Postcard Image

Postcard Image
As the Victorian era passed into the Edwardian and Roaring Twenties, a market developed for bisque and china bawdy novelties and figurines of women in revealing outfits. Although now most of these figurines seem more coy and cute than ribald and risque, in their time they symbolized the casting off of the perceived restraints of the Victorian era.

These little lovelies included bathing beauties, who came clad in swimsuits of real lace or in stylish painted beach wear, as well as mermaids, harem ladies, and nudies, who were meant to wear nothing more than an engaging smile. Also produced were flippers, innocent appearing figurines who reveal a bawdy secret when flipped over, and squirters, figurines that were meant to squirt water out of an appropriate orifice.

Most were manufactured in Germany from the late 1800s through the 1930s, often showing remarkable artistry and imagination, with Japan entering the market during World War I.

Wednesday, March 20, 2013

Bathing Beauty of the Week


Her chiton swirling around her,  Ms. #537 appears to be playing her tambourine with wild abandon.  Perhaps she is supposed to be a maenad, a female follower of the Greek god, Dionysus, who often danced around their deity in a frenzied rapture.  By Schafer and Vater, this beautiful bisque bacchae has a rather cheeky secret. . . .

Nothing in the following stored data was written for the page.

theorem lemma2p3:
  fixes P :: "'a::finite \<Rightarrow> 's::finite \<Rightarrow> 's \<Rightarrow> real"
    and r :: "'s \<Rightarrow> 'a \<Rightarrow> real"
    and \<gamma> \<tau> \<alpha> :: real
    and vs :: "'s \<Rightarrow> real" and us :: "'s \<Rightarrow> 'a \<Rightarrow> real"
    and J :: "real set"
    and vt :: "real \<Rightarrow> 's \<Rightarrow> real" and ut :: "real \<Rightarrow> 's \<Rightarrow> 'a \<Rightarrow> real"
  assumes P_nonneg: "\<And>a s s'. 0 \<le> P a s s'"
    and P_sum: "\<And>a s. (\<Sum>s'\<in>UNIV. P a s s') = 1"
    and r_nonneg: "\<And>s a. 0 \<le> r s a"
    and gamma: "0 < \<gamma>" "\<gamma> < 1"
    and tau: "0 < \<tau>"
    and alpha: "0 < \<alpha>"
    and saddle: "is_saddle \<alpha> \<tau> \<gamma> P r vs us"
    and J: "open J" "is_interval J" "J \<noteq> {}"
    and u_pos: "\<And>t s a. t \<in> J \<Longrightarrow> 0 < ut t s a"
    and v_ode: "\<And>t s'. t \<in> J \<Longrightarrow>
        ((\<lambda>t. vt t s') has_real_derivative
          (- (vt t s' - 1 / \<alpha> * (\<Sum>s\<in>UNIV. \<Sum>a\<in>UNIV. Kmat \<gamma> P a s s' * ut t s a)))) (at t)"
    and u_ode: "\<And>t s a. t \<in> J \<Longrightarrow>
        ((\<lambda>t. ut t s a) has_real_derivative
          (- ut t s a * (ln (ut t s a / utilde (ut t) s)
             - 1 / \<tau> * (r s a - (\<Sum>s'\<in>UNIV. Kmat \<gamma> P a s s' * vt t s'))))) (at t)"
  shows "(\<forall>t\<in>J. \<exists>D. ((\<lambda>t. Lyap \<alpha> \<tau> vs us (vt t) (ut t)) has_real_derivative D) (at t) \<and> D \<le> 0)
       \<and> ((\<forall>t\<in>J. ((\<lambda>t. Lyap \<alpha> \<tau> vs us (vt t) (ut t)) has_real_derivative 0) (at t))
            \<longrightarrow> (\<forall>t\<in>J. vt t = vs \<and> ut t = us))"
proof -
  have us_pos: "\<And>s a. 0 < us s a"
    using saddle by (simp add: is_saddle_def)
  have Lyap_deriv: "((\<lambda>t. Lyap \<alpha> \<tau> vs us (vt t) (ut t)) has_real_derivative
      - dissipation \<alpha> \<tau> vs us (vt t) (ut t)) (at t)" if "t \<in> J" for t
    by (intro Lyap_has_derivative_along_flow[OF alpha tau saddle] u_pos v_ode u_ode that)
  show ?thesis
  proof (intro conjI ballI impI)
    fix t assume t: "t \<in> J"
    have "0 \<le> dissipation \<alpha> \<tau> vs us (vt t) (ut t)"
      using alpha tau u_pos[OF t] us_pos by (intro dissipation_nonneg) auto
    then show "\<exists>D. ((\<lambda>t. Lyap \<alpha> \<tau> vs us (vt t) (ut t)) has_real_derivative D) (at t) \<and> D \<le> 0"
      using Lyap_deriv[OF t] by force
  next
    fix t assume Lyap_const: "\<forall>t\<in>J. ((\<lambda>t. Lyap \<alpha> \<tau> vs us (vt t) (ut t)) has_real_derivative 0) (at t)"
      and t: "t \<in> J"
    have equilibrium: "vt t' = vs \<and> policy (ut t') = policy us" if "t' \<in> J" for t'
      using DERIV_unique[OF Lyap_deriv[OF that] Lyap_const[rule_format, OF that]]
        dissipation_eq_0_iff[where u="ut t'" and v="vt t'", OF alpha tau u_pos[OF that] us_pos] by simp
    have "((\<lambda>t. vt t s') has_real_derivative 0) (at t)" for s'
      by (rule has_field_derivative_transform_within_open[OF DERIV_const J(1) t]) (simp add: equilibrium)
    from DERIV_unique[OF v_ode[OF t] this]
    have flow: "(\<Sum>s\<in>UNIV. \<Sum>a\<in>UNIV. Kmat \<gamma> P a s s' * ut t s a) = \<alpha> * vs s'" for s'
      using alpha equilibrium[OF t] by (simp add: field_simps)
    show "vt t = vs"
      using equilibrium[OF t] by simp
    show "ut t = us"
      using gamma(1) equilibrium[OF t]
      by (intro eq_if_policy_eq_and_flow_eq[where P=P and \<gamma>=\<gamma>, OF P_nonneg P_sum _ gamma(2) u_pos[OF t] us_pos])
        (simp_all add: flow saddle_v_stationary[OF saddle])
  qed
qed

end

for underneath are her voluptuous bare buttocks, framed with a laurel wreath.  In ancient Greece, athletes and poets were crowned with laurel wreaths as awards for their accomplishments.  One wonders just what this young lady's talents were to warrant a wreath around her nether regions. Of excellent sharp bisque typical of Schafer, this unusual flipper is 4.5 inches wide and 3.25 inches tall, and is incised "5838" underneath.

A friend said that this callipygian cutie is "resting on her laurels."  Wish I had thought of that one!